I was preparing this year’s lecture, and thinking that example was a bit dated, when along came (7 February 2012): Rise of the man-machines: how troops could plug their brains into weapons, by Ian Sample in The Guardian. That’s an over-sensationalist title: like most articles like that, the title should have a compulsory ‘sometime, maybe’ added at the end, but it’s a serious article about a just-released report by the (UK) Royal Society which “considers some of the potential military and law enforcement applications arising from key advances in neuroscience”. The intro to the report is at http://royalsociety.org/policy/projects/brain-waves/conflict-security/, and the full report is at: http://royalsociety.org/uploadedFiles/Royal_Society_Content/policy/projects/brain-waves/2012-02-06-BW3.pdf

From The Guardian article:

The authors argue that while hostile uses of neuroscience and related technologies are ever more likely, scientists remain almost oblivious to the dual uses of their research.

The article quotes Vince Clark, a US researcher who is using transcranial direct current stimulation to enable soldiers to spot targets more quickly, as saying:

As a scientist I dislike that someone might be hurt by my work.
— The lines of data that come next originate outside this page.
(* Assume the well-posedness, controllability, common optimal equilibrium and strict stochastic dissipativity assumptions below, and suppose moreover that there is $\gamma>0$ with $\rho(x,i)\ge\gamma\|x-x_s\|^2$ for all $x\in\mathbb{R}^n$ and $i\in\mathcal{N}$. Then the EMPC-controlled system $x_{k+1}=f(x_k,\kappa_N(x_k,\theta_k),\theta_k)$ is mean square stable: $\mathbb{E}[\|x_k\|^2]\to0$ as $k\to\infty$ for all initial conditions $(x_0,\theta_0)$ in the feasibility domain $X_N$.
   Context: Setting: $\mathcal{N}=\{1,\dots,\nu\}$; $\{\theta_k\}$ a time-homogeneous Markov chain on $\mathcal{N}$ with transition matrix $P=(p_{ij})$ on a filtered probability space $(\Omega,\mathfrak{F},\{\mathfrak{F}_k\},\mathbb{P})$, $\mathfrak{F}_k$ generated by the history up to time $k$; system $x_{k+1}=f(x_k,u_k,\theta_k)$ with $x_k,\theta_k$ measured at time $k$; constraints $(x_k,u_k)\in Y_{\theta_k}$; stage cost $\ell$. $u\lhd\mathfrak{F}_k$ means $\mathfrak{F}_k$-measurable. Cover $\mathcal{C}(i)=\{j:p_{ij}>0\}$; bet node $\mathrm{bet}(i)\in\mathcal{C}(i)$ maximizing $p_{ij}$ over $j\in\mathcal{C}(i)$. Well-posedness: each $\ell(\cdot,\cdot,\theta)$ nonnegative, lower semicontinuous, level-bounded in $u$ locally uniformly in $x$; $f(\cdot,\cdot,\theta)$ continuous; $Y_\theta$ nonempty compact; chain irreducible and aperiodic. Optimal steady states $(x_s^\theta,u_s^\theta)$ minimize $\ell(x,u,\theta)$ s.t. $f(x,u,\theta)=x$, $(x,u)\in Y_\theta$. Controllability: for all $i,j$ there is $\bar u_s^{i,j}$ with $(x_s^i,\bar u_s^{i,j})\in Y_j$, $f(x_s^i,\bar u_s^{i,j},j)=x_s^{\mathrm{bet}(j)}$. Common optimal equilibrium: one optimal steady state $(x_s,u_s)=(0,0)$ common to all modes, with optimal steady-state cost $\ell_s$. Strict stochastic dissipativity: there are $\lambda:\mathbb{R}^n\times\mathcal{N}\to\mathbb{R}$, lower semicontinuous in the first argument, with $\lambda(x_s,\theta)=\lambda_s$ independent of $\theta$, and a convex $\rho:\mathbb{R}^n\times\mathcal{N}\to\mathbb{R}_+$ positive definite w.r.t. $x_s$, such that $\mathbb{E}[\lambda(x_{k+1},\theta_{k+1})-\lambda(x_k,\theta_k)\mid\mathfrak{F}_k]\le\ell(x_k,u_k,\theta_k)-\ell_s-\rho(x_k,\theta_k)$ for all states, inputs and modes, where $x_{k+1}=f(x_k,u_k,\theta_k)$. EMPC problem $\mathbb{P}(x,\theta)$: minimize $\mathbb{E}[\sum_{j=0}^{N-1}\ell(x_j,u_j,\theta_j)\mid\mathfrak{F}_0]$ subject to $x_{k+1}=f(x_k,u_k,\theta_k)$, $(x_k,u_k)\in Y_{\theta_k}$, $(x_0,\theta_0)=(x,\theta)$, $x_N=x_s^{\mathrm{bet}(\theta_{N-1})}$, $u_k\lhd\mathfrak{F}_k$; $X_N$ is its feasibility domain and $\kappa_N$ the first element of an optimal policy. *)

theory Defs
  imports "HOL-Analysis.Analysis"
begin

definition lsc :: "('a::topological_space \<Rightarrow> real) \<Rightarrow> bool" where
  "lsc g \<longleftrightarrow> (\<forall>x a. a < g x \<longrightarrow> eventually (\<lambda>y. a < g y) (nhds x))"

definition level_bounded_loc_unif :: "('a::topological_space \<Rightarrow> 'b::metric_space \<Rightarrow> real) \<Rightarrow> bool" where
  "level_bounded_loc_unif g \<longleftrightarrow>
     (\<forall>x0 \<alpha>. \<exists>V. open V \<and> x0 \<in> V \<and> bounded {u. \<exists>x\<in>V. g x u \<le> \<alpha>})"

definition stochastic_matrix :: "('q::finite \<Rightarrow> 'q \<Rightarrow> real) \<Rightarrow> bool" where
  "stochastic_matrix p \<longleftrightarrow> (\<forall>i j. 0 \<le> p i j) \<and> (\<forall>i. (\<Sum>j\<in>UNIV. p i j) = 1)"

fun mpow :: "('q::finite \<Rightarrow> 'q \<Rightarrow> real) \<Rightarrow> nat \<Rightarrow> 'q \<Rightarrow> 'q \<Rightarrow> real" where
  "mpow p 0 i j = (if i = j then 1 else 0)"
| "mpow p (Suc k) i j = (\<Sum>l\<in>UNIV. mpow p k i l * p l j)"

definition irreducible_chain :: "('q::finite \<Rightarrow> 'q \<Rightarrow> real) \<Rightarrow> bool" where
  "irreducible_chain p \<longleftrightarrow> (\<forall>i j. \<exists>k>0. mpow p k i j > 0)"

definition aperiodic_chain :: "('q::finite \<Rightarrow> 'q \<Rightarrow> real) \<Rightarrow> bool" where
  "aperiodic_chain p \<longleftrightarrow> (\<forall>i. Gcd {k::nat. k > 0 \<and> mpow p k i i > 0} = 1)"

definition cover :: "('q \<Rightarrow> 'q \<Rightarrow> real) \<Rightarrow> 'q \<Rightarrow> 'q set" where
  "cover p i = {j. p i j > 0}"

definition is_bet :: "('q \<Rightarrow> 'q \<Rightarrow> real) \<Rightarrow> ('q \<Rightarrow> 'q) \<Rightarrow> bool" where
  "is_bet p bet \<longleftrightarrow> (\<forall>i. bet i \<in> cover p i \<and> (\<forall>j\<in>cover p i. p i j \<le> p i (bet i)))"

definition opt_steady_state ::
  "('x \<Rightarrow> 'u \<Rightarrow> 'q \<Rightarrow> 'x) \<Rightarrow> ('x \<Rightarrow> 'u \<Rightarrow> 'q \<Rightarrow> real) \<Rightarrow> ('q \<Rightarrow> ('x \<times> 'u) set)
     \<Rightarrow> 'q \<Rightarrow> 'x \<Rightarrow> 'u \<Rightarrow> bool" where
  "opt_steady_state f l Y \<theta> xs us \<longleftrightarrow>
     f xs us \<theta> = xs \<and> (xs, us) \<in> Y \<theta> \<and>
     (\<forall>x u. f x u \<theta> = x \<and> (x, u) \<in> Y \<theta> \<longrightarrow> l xs us \<theta> \<le> l x u \<theta>)"

(* Since x_0 is given and
   x_k is a function of x_0 and \<theta>_0..\<theta>_{k-1}, the \<sigma>-algebra F_k is generated by the
   history \<theta>_0..\<theta>_k; an F_k-measurable input u_k is thus a function of that history.
   A policy is therefore a map \<pi> from histories (lists [\<theta>_0,...,\<theta>_k]) to inputs. *)
definition histories :: "'q::finite \<Rightarrow> nat \<Rightarrow> 'q list set" where
  "histories \<theta> n = {h. length h = n \<and> h \<noteq> [] \<and> hd h = \<theta>}"

definition hist_prob :: "('q \<Rightarrow> 'q \<Rightarrow> real) \<Rightarrow> 'q list \<Rightarrow> real" where
  "hist_prob p h = (\<Prod>t<length h - 1. p (h ! t) (h ! Suc t))"

fun traj :: "('x \<Rightarrow> 'u \<Rightarrow> 'q \<Rightarrow> 'x) \<Rightarrow> 'x \<Rightarrow> ('q list \<Rightarrow> 'u) \<Rightarrow> 'q list \<Rightarrow> nat \<Rightarrow> 'x" where
  "traj f x \<pi> h 0 = x"
| "traj f x \<pi> h (Suc k) = f (traj f x \<pi> h k) (\<pi> (take (Suc k) h)) (h ! k)"

(* feasibility of a policy for problem P(x,\<theta>) with horizon N: constraints hold
   almost surely, i.e. along every history of positive probability *)
definition empc_feasible ::
  "('q::finite \<Rightarrow> 'q \<Rightarrow> real) \<Rightarrow> ('x \<Rightarrow> 'u \<Rightarrow> 'q \<Rightarrow> 'x) \<Rightarrow> ('q \<Rightarrow> ('x \<times> 'u) set)
    \<Rightarrow> ('q \<Rightarrow> 'x) \<Rightarrow> ('q \<Rightarrow> 'q) \<Rightarrow> nat \<Rightarrow> 'x \<Rightarrow> 'q \<Rightarrow> ('q list \<Rightarrow> 'u) \<Rightarrow> bool" where
  "empc_feasible p f Y xs bet N x \<theta> \<pi> \<longleftrightarrow>
     (\<forall>h\<in>histories \<theta> N. hist_prob p h > 0 \<longrightarrow>
        (\<forall>k<N. (traj f x \<pi> h k, \<pi> (take (Suc k) h)) \<in> Y (h ! k)) \<and>
        traj f x \<pi> h N = xs (bet (h ! (N - 1))))"

definition empc_cost ::
  "('q::finite \<Rightarrow> 'q \<Rightarrow> real) \<Rightarrow> ('x \<Rightarrow> 'u \<Rightarrow> 'q \<Rightarrow> 'x) \<Rightarrow> ('x \<Rightarrow> 'u \<Rightarrow> 'q \<Rightarrow> real)
    \<Rightarrow> nat \<Rightarrow> 'x \<Rightarrow> 'q \<Rightarrow> ('q list \<Rightarrow> 'u) \<Rightarrow> real" where
  "empc_cost p f l N x \<theta> \<pi> =
     (\<Sum>h\<in>histories \<theta> N. hist_prob p h *
        (\<Sum>k<N. l (traj f x \<pi> h k) (\<pi> (take (Suc k) h)) (h ! k)))"

definition empc_optimal ::
  "('q::finite \<Rightarrow> 'q \<Rightarrow> real) \<Rightarrow> ('x \<Rightarrow> 'u \<Rightarrow> 'q \<Rightarrow> 'x) \<Rightarrow> ('x \<Rightarrow> 'u \<Rightarrow> 'q \<Rightarrow> real)
    \<Rightarrow> ('q \<Rightarrow> ('x \<times> 'u) set) \<Rightarrow> ('q \<Rightarrow> 'x) \<Rightarrow> ('q \<Rightarrow> 'q) \<Rightarrow> nat \<Rightarrow> 'x \<Rightarrow> 'q
    \<Rightarrow> ('q list \<Rightarrow> 'u) \<Rightarrow> bool" where
  "empc_optimal p f l Y xs bet N x \<theta> \<pi> \<longleftrightarrow>
     empc_feasible p f Y xs bet N x \<theta> \<pi> \<and>
     (\<forall>\<pi>'. empc_feasible p f Y xs bet N x \<theta> \<pi>' \<longrightarrow>
        empc_cost p f l N x \<theta> \<pi> \<le> empc_cost p f l N x \<theta> \<pi>')"

definition empc_domain ::
  "('q::finite \<Rightarrow> 'q \<Rightarrow> real) \<Rightarrow> ('x \<Rightarrow> 'u \<Rightarrow> 'q \<Rightarrow> 'x) \<Rightarrow> ('q \<Rightarrow> ('x \<times> 'u) set)
    \<Rightarrow> ('q \<Rightarrow> 'x) \<Rightarrow> ('q \<Rightarrow> 'q) \<Rightarrow> nat \<Rightarrow> ('x \<times> 'q) set" where
  "empc_domain p f Y xs bet N = {(x, \<theta>). \<exists>\<pi>. empc_feasible p f Y xs bet N x \<theta> \<pi>}"

fun cl_traj :: "('x \<Rightarrow> 'u \<Rightarrow> 'q \<Rightarrow> 'x) \<Rightarrow> ('x \<Rightarrow> 'q \<Rightarrow> 'u) \<Rightarrow> 'x \<Rightarrow> 'q list \<Rightarrow> nat \<Rightarrow> 'x" where
  "cl_traj f \<kappa> x h 0 = x"
| "cl_traj f \<kappa> x h (Suc k) =
     f (cl_traj f \<kappa> x h k) (\<kappa> (cl_traj f \<kappa> x h k) (h ! k)) (h ! k)"

definition cl_mean_square ::
  "('q::finite \<Rightarrow> 'q \<Rightarrow> real) \<Rightarrow> ('x::real_normed_vector \<Rightarrow> 'u \<Rightarrow> 'q \<Rightarrow> 'x)
    \<Rightarrow> ('x \<Rightarrow> 'q \<Rightarrow> 'u) \<Rightarrow> 'x \<Rightarrow> 'q \<Rightarrow> nat \<Rightarrow> real" where
  "cl_mean_square p f \<kappa> x0 \<theta>0 k =
     (\<Sum>h\<in>histories \<theta>0 (Suc k). hist_prob p h * (norm (cl_traj f \<kappa> x0 h k))\<^sup>2)"

end

theory Submission
  imports Defs
begin

text \<open>The optimal value function \<open>V\<^sub>N\<close> drops along the closed loop by at least
  \<open>\<ell>(x, \<kappa>\<^sub>N(x, \<theta>), \<theta>) - \<ell>\<^sub>s\<close> in conditional expectation: the optimal policy with its first
  stage removed and the equilibrium input appended is feasible from every successor state, since it
  ends at the common equilibrium. Adding the storage function \<open>\<lambda>\<close> and using dissipativity
  gives a rotated Lyapunov function \<open>V\<^sub>N + \<lambda>\<close> that decreases by \<open>\<rho>\<close> per step. It is bounded
  below on the feasibility domain, because feasible states lie in the compact projections of the
  constraint sets, where the lower semicontinuous \<open>\<lambda>\<close> is bounded below. Telescoping shows
  \<open>\<Sum>\<^sub>k \<bbbE>[\<rho>(x\<^sub>k, \<theta>\<^sub>k)] < \<infinity>\<close>, so \<open>\<Sum>\<^sub>k \<bbbE>[\<parallel>x\<^sub>k\<parallel>\<^sup>2] < \<infinity>\<close> by the quadratic bound on \<open>\<rho>\<close>, and the
  terms tend to zero.\<close>

lemma finite_histories: "finite (histories (\<theta>::'q::finite) n)"
proof (rule finite_subset)
  show "histories \<theta> n \<subseteq> {h. set h \<subseteq> (UNIV::'q set) \<and> length h = n}"
    unfolding histories_def by blast
qed (rule finite_lists_length_eq, simp)

lemma histories_Suc_0: "histories \<theta> (Suc 0) = {[\<theta>]}"
  by (auto simp: histories_def length_Suc_conv)

lemma sum_histories_Suc_Suc:
  "(\<Sum>h\<in>histories (\<theta>::'q::finite) (Suc (Suc n)). F h)
     = (\<Sum>j\<in>UNIV. \<Sum>h\<in>histories j (Suc n). F (\<theta> # h))"
proof -
  have "histories \<theta> (Suc (Suc n)) = Cons \<theta> ` (\<Union>j. histories j (Suc n))"
    by (auto simp: histories_def length_Suc_conv)
  then have "(\<Sum>h\<in>histories \<theta> (Suc (Suc n)). F h) = (\<Sum>h\<in>(\<Union>j. histories j (Suc n)). F (\<theta> # h))"
    by (simp add: sum.reindex)
  also have "\<dots> = (\<Sum>j\<in>UNIV. \<Sum>h\<in>histories j (Suc n). F (\<theta> # h))"
    by (rule sum.UNION_disjoint) (simp_all add: finite_histories, auto simp: histories_def)
  finally show ?thesis .
qed

lemma hist_prob_singleton [simp]: "hist_prob p [\<theta>] = 1"
  by (simp add: hist_prob_def)

lemma hist_prob_Cons: "h \<noteq> [] \<Longrightarrow> hist_prob p (\<theta> # h) = p \<theta> (hd h) * hist_prob p h"
proof -
  assume "h \<noteq> []"
  then obtain n where n: "length h = Suc n" by (cases h) auto
  have "hist_prob p (\<theta> # h) = p \<theta> (h ! 0) * (\<Prod>t<n. p (h ! t) (h ! Suc t))"
    unfolding hist_prob_def by (simp add: n prod.lessThan_Suc_shift del: prod.lessThan_Suc)
  then show ?thesis
    using \<open>h \<noteq> []\<close> by (simp add: hist_prob_def n hd_conv_nth)
qed

lemma hist_prob_nonneg: "stochastic_matrix p \<Longrightarrow> 0 \<le> hist_prob p h"
  unfolding hist_prob_def stochastic_matrix_def by (auto intro: prod_nonneg)

lemma hist_prob_pos_iff:
  assumes "stochastic_matrix p"
  shows "hist_prob p h > 0 \<longleftrightarrow> (\<forall>t<length h - 1. p (h ! t) (h ! Suc t) > 0)"
proof
  assume "hist_prob p h > 0"
  then have "hist_prob p h \<noteq> 0" by simp
  then have "\<forall>t<length h - 1. p (h ! t) (h ! Suc t) \<noteq> 0"
    unfolding hist_prob_def by simp
  then show "\<forall>t<length h - 1. p (h ! t) (h ! Suc t) > 0"
    using assms unfolding stochastic_matrix_def by (simp add: less_le)
qed (auto simp: hist_prob_def intro: prod_pos)

lemma hist_prob_take_pos:
  "stochastic_matrix p \<Longrightarrow> hist_prob p h > 0 \<Longrightarrow> hist_prob p (take n h) > 0"
  by (auto simp: hist_prob_pos_iff)

lemma sum_histories_first_step:
  "(\<Sum>h\<in>histories (\<theta>::'q::finite) (Suc (Suc n)). hist_prob p h * F h)
     = (\<Sum>j\<in>UNIV. p \<theta> j * (\<Sum>h\<in>histories j (Suc n). hist_prob p h * F (\<theta> # h)))"
  unfolding sum_histories_Suc_Suc sum_distrib_left
  by (intro sum.cong refl) (auto simp: hist_prob_Cons histories_def)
I want to reduce suffering, to make the world a better place, but there are people in the world with different intentions, and I don’t know how to deal with that.
If I stop my work, the people who might be helped won’t be helped. Almost any technology has a defence application.

Clark’s work is also potentially useful for dementia sufferers, so I hope he makes a lot of progress in time for it to be useful to me, but still…. (Actually another article by Sample the same day: http://www.guardian.co.uk/science/2012/feb/07/dementia-drugs-use-military points out “How dementia drugs could be used by the military”.)

Both the article and Royal Society report are fascinating reading, but I was struck that the Royal Society’s first recommendation for the scientific community is:

There needs to be fresh effort by the appropriate professional bodies to inculcate the awareness of the dual-use challenge (i.e., knowledge and technologies used for beneficial purposes can also be misused for harmful purposes) amongst neuroscientists at an early stage of their training.

So, that’s what I’m doing in my lecture (and here). All you early-stage neuroscientists, think about this. Just saying.

* Bring home our boys from Iran. I’d like to claim you read it here first, but Mad Magazine got there before me.

Good luck with that, Vince. You, me, and most Miss World contestants, they say.